Monocyte-specific upregulation of CXCR3 after Leishmania infection. PBMCs were isolated from healthy donors (n = 6) and infected with L. braziliensis (Lb) or L. amazonensis (La) promastigotes at a 5:1 parasite-to-cell ratio for 24 h. The levels of CXCR3 expression on CD14⁻ (A) and CD14⁺ cells (B and C) were measured by FACS. Values that are statistically significantly different (P < 0.01) between the nonstimulated control (NS) and infected groups are indicated (**). Numbers shown in panel C represent the percentage of cells in each quadrant.

FIG. 5.

L. braziliensis-infected PBMCs and monocytes efficiently induce migration of uninfected PBMCs. PBMCs and CD14⁺ cells were isolated from healthy donors (n = 4) and infected with L. braziliensis (Lb) or L. amazonensis (La) promastigotes at a 5:1 parasite-to-cell ratio and placed in the basal chambers of Transwell plates. Noninfected, donor-matched PBMCs were labeled with CFSE, placed in the apical chamber, and allowed to migrate in response to chemotactic factors released from the basal chamber for 14 h. Cells stimulated with LPS/IFN-γ (100 ng/ml each) were used as positive controls. (A) The total number of migrating cells present in the basal chamber was counted after the incubation period.
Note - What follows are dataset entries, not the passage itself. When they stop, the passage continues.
(* Consider the SemiFree Magnetic Tower of Hanoi with $N\ge1$ disks: posts $S$, $D$, $I$, where every disk lying on $S$ must have its Red face up, every disk lying on $D$ must have its Blue face up, and $I$ is initially empty and unconstrained; the $N$ disks start on $S$ (Red face up, decreasing size bottom to top) and must be transferred to $D$. This can be done in $S_{SF}(N)$ moves, where $$S_{SF}(N)=(3^{N-1}+N-1)+\frac{3^{N-1}-1}{8}-\frac{N-1}{2}\quad (N\text{ odd}),\qquad S_{SF}(N)=(3^{N-1}+N-1)+\frac{3^{N-1}-3}{8}-\frac{N-2}{2}\quad (N\text{ even}),$$ by a solution in which disk $k$ (disks numbered $1,\dots,N$ from largest to smallest) moves $$P_{SF}(k)=2\cdot3^{k-2}+\frac{3^{k-1}-9}{8}-\frac{3^{k-2}-3}{8}+1\ (k\text{ odd}),\qquad P_{SF}(k)=2\cdot3^{k-2}+\frac{3^{k-1}-3}{8}-\frac{3^{k-2}-9}{8}\ (k\text{ even})$$ times. Moreover $S_{SF}(N)\big/\tfrac{3^N-1}{2}\to\tfrac34$ as $N\to\infty$.
   Context: Magnetic Tower of Hanoi rules: there are three posts and disks of distinct diameters, each disk having one Red face and one Blue face. A move consists of lifting the top disk of some post, turning it upside down, and placing it on top of another post. (Size rule) a disk may never be placed on a smaller disk; (Magnet rule) a disk may never be placed so that its downward-facing side has the same color as the upward-facing side of the disk it lands on. In the SemiFree setting the posts $S$ and $D$ are permanently and oppositely colored (as if they sit on top of larger disks showing Red and Blue respectively), so any disk on $S$ must show Red upward and any disk on $D$ must show Blue upward, while the third post $I$ starts empty and neutral and may hold disks in either orientation subject to the rules above. *)

theory Defs
  imports Complex_Main
begin

text \<open>Disks are numbered 1..N from largest to smallest, so disk k is smaller than
  disk k' iff k' < k.  A disk on a post is recorded with the colour of its
  upward-facing side; each post holds a list of disks, top disk first.\<close>

datatype color = Red | Blue

fun flip :: "color \<Rightarrow> color" where
  "flip Red = Blue" | "flip Blue = Red"

datatype post = S | D | I

type_synonym state = "post \<Rightarrow> (nat \<times> color) list"

text \<open>Colour shown upward by the (virtual) base of an empty post:
  S behaves as if sitting on a disk showing Red, D on one showing Blue,
  I is neutral.\<close>
fun base_color :: "post \<Rightarrow> color option" where
  "base_color S = Some Red" | "base_color D = Some Blue" | "base_color I = None"

definition legal_move :: "state \<Rightarrow> post \<times> post \<Rightarrow> bool" where
  "legal_move st m = (case m of (p, q) \<Rightarrow>
     p \<noteq> q \<and> st p \<noteq> [] \<and>
     (case hd (st p) of (k, c) \<Rightarrow>
        \<comment> \<open>after flipping, the downward face of the moved disk shows c\<close>
        (case st q of
           [] \<Rightarrow> base_color q \<noteq> Some c
         | (k', c') # _ \<Rightarrow> k' < k \<and> c' \<noteq> c)))"

definition do_move :: "state \<Rightarrow> post \<times> post \<Rightarrow> state" where
  "do_move st m = (case m of (p, q) \<Rightarrow>
     st(p := tl (st p), q := (case hd (st p) of (k, c) \<Rightarrow> (k, flip c)) # st q))"

fun valid_run :: "state \<Rightarrow> (post \<times> post) list \<Rightarrow> state \<Rightarrow> bool" where
  "valid_run st [] st' = (st' = st)"
| "valid_run st (m # ms) st' = (legal_move st m \<and> valid_run (do_move st m) ms st')"

fun disk_moves :: "state \<Rightarrow> (post \<times> post) list \<Rightarrow> nat \<Rightarrow> nat" where
  "disk_moves st [] k = 0"
| "disk_moves st (m # ms) k =
     (if fst (hd (st (fst m))) = k then 1 else 0) + disk_moves (do_move st m) ms k"

definition init_state :: "nat \<Rightarrow> state" where
  "init_state N = (\<lambda>p. if p = S then map (\<lambda>k. (k, Red)) (rev [1..<N+1]) else [])"

definition final_state :: "nat \<Rightarrow> state" where
  "final_state N = (\<lambda>p. if p = D then map (\<lambda>k. (k, Blue)) (rev [1..<N+1]) else [])"

definition S_SF :: "nat \<Rightarrow> real" where
  "S_SF N = (if odd N
     then (3 ^ (N - 1) + real N - 1) + (3 ^ (N - 1) - 1) / 8 - (real N - 1) / 2
     else (3 ^ (N - 1) + real N - 1) + (3 ^ (N - 1) - 3) / 8 - (real N - 2) / 2)"

definition P_SF :: "nat \<Rightarrow> real" where
  "P_SF k = (if odd k
     then 2 * 3 powi (int k - 2) + (3 powi (int k - 1) - 9) / 8 - (3 powi (int k - 2) - 3) / 8 + 1
     else 2 * 3 powi (int k - 2) + (3 powi (int k - 1) - 3) / 8 - (3 powi (int k - 2) - 9) / 8)"

end

theory Submission
  imports Defs "HOL-Library.Function_Algebras"
begin

text \<open>The solution is built recursively: to move \<open>n + 1\<close> disks from \<open>S\<close> to \<open>D\<close>, move the
  top \<open>n\<close> disks to \<open>I\<close> keeping them Red up, move the largest disk to \<open>D\<close>, and bring the
  \<open>n\<close> disks from \<open>I\<close> to \<open>D\<close>, which starts by parking the top \<open>n - 1\<close> of them on \<open>S\<close>.
  Every other phase is a transfer in which all disks on one post show one colour and all
  disks on the two other posts the opposite colour; there the disk at depth \<open>j\<close> of the moving
  tower moves \<open>3^j\<close> times if the odd post is an endpoint and \<open>2 \<cdot> 3^j\<close> times otherwise.
  Adding up, the disk at depth \<open>j\<close> of the whole tower moves \<open>a_j\<close> times with \<open>a_0 = 1\<close>,
  \<open>a_1 = 3\<close>, \<open>a_(j+2) = a_j + 2 \<cdot> 3^(j+1)\<close>, i.e. \<open>a_j = (3^(j+1) + 2 - (-1)^j) / 4 = P_SF (j + 1)\<close>;
  the partial sums are \<open>S_SF N = (3^(N+1) + 4N - 4 + (-1)^N) / 8\<close>, and the limit is read off.\<close>

section \<open>Runs and towers\<close>

lemma flip_flip [simp]: "flip (flip c) = c"
  by (cases c) auto

lemma flip_neq [simp]: "flip c \<noteq> c" "c \<noteq> flip c"
  by (cases c; simp)+

fun top_color :: "post \<Rightarrow> (nat \<times> color) list \<Rightarrow> color option" where
  "top_color q [] = base_color q"
| "top_color q ((_, c) # _) = Some c"

text \<open>\<open>fits k d q xs\<close>: disk \<open>k\<close>, whose face \<open>d\<close> will point downwards after the move,
  may be put on the stack \<open>xs\<close> of post \<open>q\<close>.\<close>

definition fits :: "nat \<Rightarrow> color \<Rightarrow> post \<Rightarrow> (nat \<times> color) list \<Rightarrow> bool" where
  "fits k d q xs \<longleftrightarrow> (\<forall>a \<in> set xs. fst a < k) \<and> top_color q xs \<noteq> Some d"

lemma fits_Suc: "fits k d q xs \<Longrightarrow> fits (Suc k) d q xs"
  by (auto simp: fits_def less_SucI)

lemma fits_push: "fits k d' q xs \<Longrightarrow> e \<noteq> d \<Longrightarrow> fits (Suc k) d q ((k, e) # xs)"
  by (auto simp: fits_def less_SucI)

definition run_counts :: "state \<Rightarrow> (post \<times> post) list \<Rightarrow> state \<Rightarrow> (nat \<Rightarrow> nat) \<Rightarrow> bool" where
  "run_counts st ms st' f \<longleftrightarrow> valid_run st ms st' \<and> disk_moves st ms = f"

lemma run_counts_Nil: "run_counts st [] st 0"
  by (simp add: run_counts_def fun_eq_iff)

lemma valid_run_append:
  "valid_run st xs st1 \<Longrightarrow> valid_run st (xs @ ys) st2 = valid_run st1 ys st2"
  by (induction xs arbitrary: st) auto

lemma disk_moves_append:
  "valid_run st xs st1 \<Longrightarrow> disk_moves st (xs @ ys) i = disk_moves st xs i + disk_moves st1 ys i"
  by (induction xs arbitrary: st) auto

lemma run_counts_append:
  "run_counts st xs st1 f \<Longrightarrow> run_counts st1 ys st2 g \<Longrightarrow> run_counts st (xs @ ys) st2 (f + g)"
  by (auto simp: run_counts_def fun_eq_iff valid_run_append disk_moves_append)

lemma length_eq_sum_disk_moves:
  assumes "valid_run st ms st'" and "\<forall>p. \<forall>a \<in> set (st p). fst a \<in> A" and "finite A"
  shows "length ms = (\<Sum>i\<in>A. disk_moves st ms i)"
  using assms
proof (induction ms arbitrary: st)
  case Nil
  then show ?case by simp
next
  case (Cons m ms)
  obtain p q where m: "m = (p, q)" by (cases m)
  have "st p \<noteq> []" and run: "valid_run (do_move st m) ms st'"
    using Cons.prems(1) m by (simp_all add: legal_move_def)
  then have top: "fst (hd (st p)) \<in> A"
    using Cons.prems(2) by (meson list.set_sel(1))
  have "\<forall>p'. \<forall>a \<in> set (do_move st m p'). fst a \<in> A"
    using Cons.prems(2) top \<open>st p \<noteq> []\<close>
    by (auto simp: do_move_def m split: prod.splits dest: list.set_sel(2))
  then have "length ms = (\<Sum>i\<in>A. disk_moves (do_move st m) ms i)"
    using Cons.IH run Cons.prems(3) by blast
  then show ?case
    using top Cons.prems(3) by (simp add: m sum.distrib)
qed

definition tower :: "nat \<Rightarrow> nat \<Rightarrow> color \<Rightarrow> (nat \<times> color) list" where
  "tower k n c = map (\<lambda>i. (i, c)) (rev [k..<k+n])"

lemma tower_0 [simp]: "tower k 0 c = []"
  by (simp add: tower_def)

lemma tower_Suc: "tower k (Suc n) c = tower (Suc k) n c @ [(k, c)]"
  by (simp add: tower_def upt_rec)

definition tower_count :: "nat \<Rightarrow> nat \<Rightarrow> (nat \<Rightarrow> nat) \<Rightarrow> nat \<Rightarrow> nat" where
  "tower_count k n f i = (if k \<le> i \<and> i < k + n then f (i - k) else 0)"

lemma tower_count_0 [simp]: "tower_count k 0 f = 0"
  by (simp add: tower_count_def fun_eq_iff)

lemma tower_count_case_nat:
  "tower_count k (Suc n) (case_nat a f) = tower_count k 1 (\<lambda>_. a) + tower_count (Suc k) n f"
proof (rule ext)
  fix i
  show "tower_count k (Suc n) (case_nat a f) i = (tower_count k 1 (\<lambda>_. a) + tower_count (Suc k) n f) i"
  proof (cases "k < i")
    case True
    then obtain j where "i = Suc (k + j)"
      using less_iff_Suc_add by auto
    then show ?thesis by (simp add: tower_count_def)
  qed (auto simp: tower_count_def)
qed

lemma tower_count_add: "tower_count k n f + tower_count k n g = tower_count k n (f + g)"
  by (simp add: tower_count_def fun_eq_iff)

lemma tower_count_via:
  "tower_count (Suc k) n f1 + (tower_count k 1 (\<lambda>_. 1) + (tower_count (Suc k) n f2
     + (tower_count k 1 (\<lambda>_. 1) + tower_count (Suc k) n f3)))
   = tower_count k (Suc n) (case_nat 2 (f1 + f2 + f3))"
proof -
  have two: "tower_count k 1 (\<lambda>_. 1) + tower_count k 1 (\<lambda>_. 1) = tower_count k 1 (\<lambda>_. 2)"
    by (simp add: tower_count_def fun_eq_iff)
  show ?thesis
    unfolding tower_count_case_nat tower_count_add[symmetric] two[symmetric] by (simp add: ac_simps)
qed

lemma run_counts_move:
  assumes "p \<noteq> q" and "st p = (k, c) # xs" and "fits k c q (st q)"
  shows "run_counts st [(p, q)] (st(p := xs, q := (k, flip c) # st q)) (tower_count k 1 (\<lambda>_. 1))"
proof -
  have "legal_move st (p, q)"
    using assms by (cases "st q") (auto simp: legal_move_def fits_def)
  moreover have "do_move st (p, q) = st(p := xs, q := (k, flip c) # st q)"
    using assms by (simp add: do_move_def)
  ultimately show ?thesis
    using assms by (auto simp: run_counts_def tower_count_def fun_eq_iff)
qed

text \<open>The tower lies on \<open>b\<close>, so \<open>st(x := b)\<close> is the arrangement of all other disks. Requiring
  the run to work over every arrangement admitted by \<open>base\<close> is what makes the notion
  compositional.\<close>

definition moves_tower ::
    "(nat \<Rightarrow> state \<Rightarrow> bool) \<Rightarrow> nat \<Rightarrow> post \<Rightarrow> color \<Rightarrow> post \<Rightarrow> color
      \<Rightarrow> (post \<times> post) list \<Rightarrow> (nat \<Rightarrow> nat) \<Rightarrow> bool" where
  "moves_tower base n x cx y cy ms f \<longleftrightarrow>
     (\<forall>st b k. st x = tower k n cx @ b \<longrightarrow> base k (st(x := b)) \<longrightarrow>
        run_counts st ms (st(x := b, y := tower k n cy @ st y)) (tower_count k n f))"

lemma moves_towerD:
  "moves_tower base n x cx y cy ms f \<Longrightarrow> st x = tower k n cx @ b \<Longrightarrow> base k (st(x := b))
   \<Longrightarrow> run_counts st ms (st(x := b, y := tower k n cy @ st y)) (tower_count k n f)"
  by (simp add: moves_tower_def)

lemma moves_tower_0: "moves_tower base 0 x cx y cy [] f"
proof -
  have "st(x := b, y := tower k 0 cy @ st y) = st" if "st x = tower k 0 cx @ b" for st :: state and k b
    using that by (simp add: fun_eq_iff)
  then show ?thesis
    by (auto simp: moves_tower_def run_counts_Nil)
qed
Data were normalized by subtracting the migration observed in nonstimulated controls. Values that are statistically significantly different by one-way ANOVA are indicated as follows: *, P < 0.05; **, P < 0.01. (B) The percentage of migrating CFSE⁺ PBMCs in the basal chamber was measured by FACS. (C) Percentages of monocytes (CD14⁺) and T lymphocytes (CD3⁺) within CFSE⁺ migrating cells. (B and C) Histograms from one of four representative experiments are shown. NS, nonstimulated controls.

FIG. 6.

Profiles of inflammatory chemokines and cytokines in serum samples from American tegumentary leishmaniasis patients. Serum samples were collected from a total of 13 CL patients and 14 patients with active ML. Samples from 13 healthy volunteers were used as controls. The levels of the indicated molecules were measured with a RayBiotech custom Quantibody array. Each circle shows the value for an individual patient or healthy volunteer, and the short horizontal bar shows the mean value for that group. Values that are statistically significantly different between the compared groups by one-way ANOVA are indicated by bars and asterisks as follows: *, P < 0.05; **, P < 0.01; ***, P < 0.001.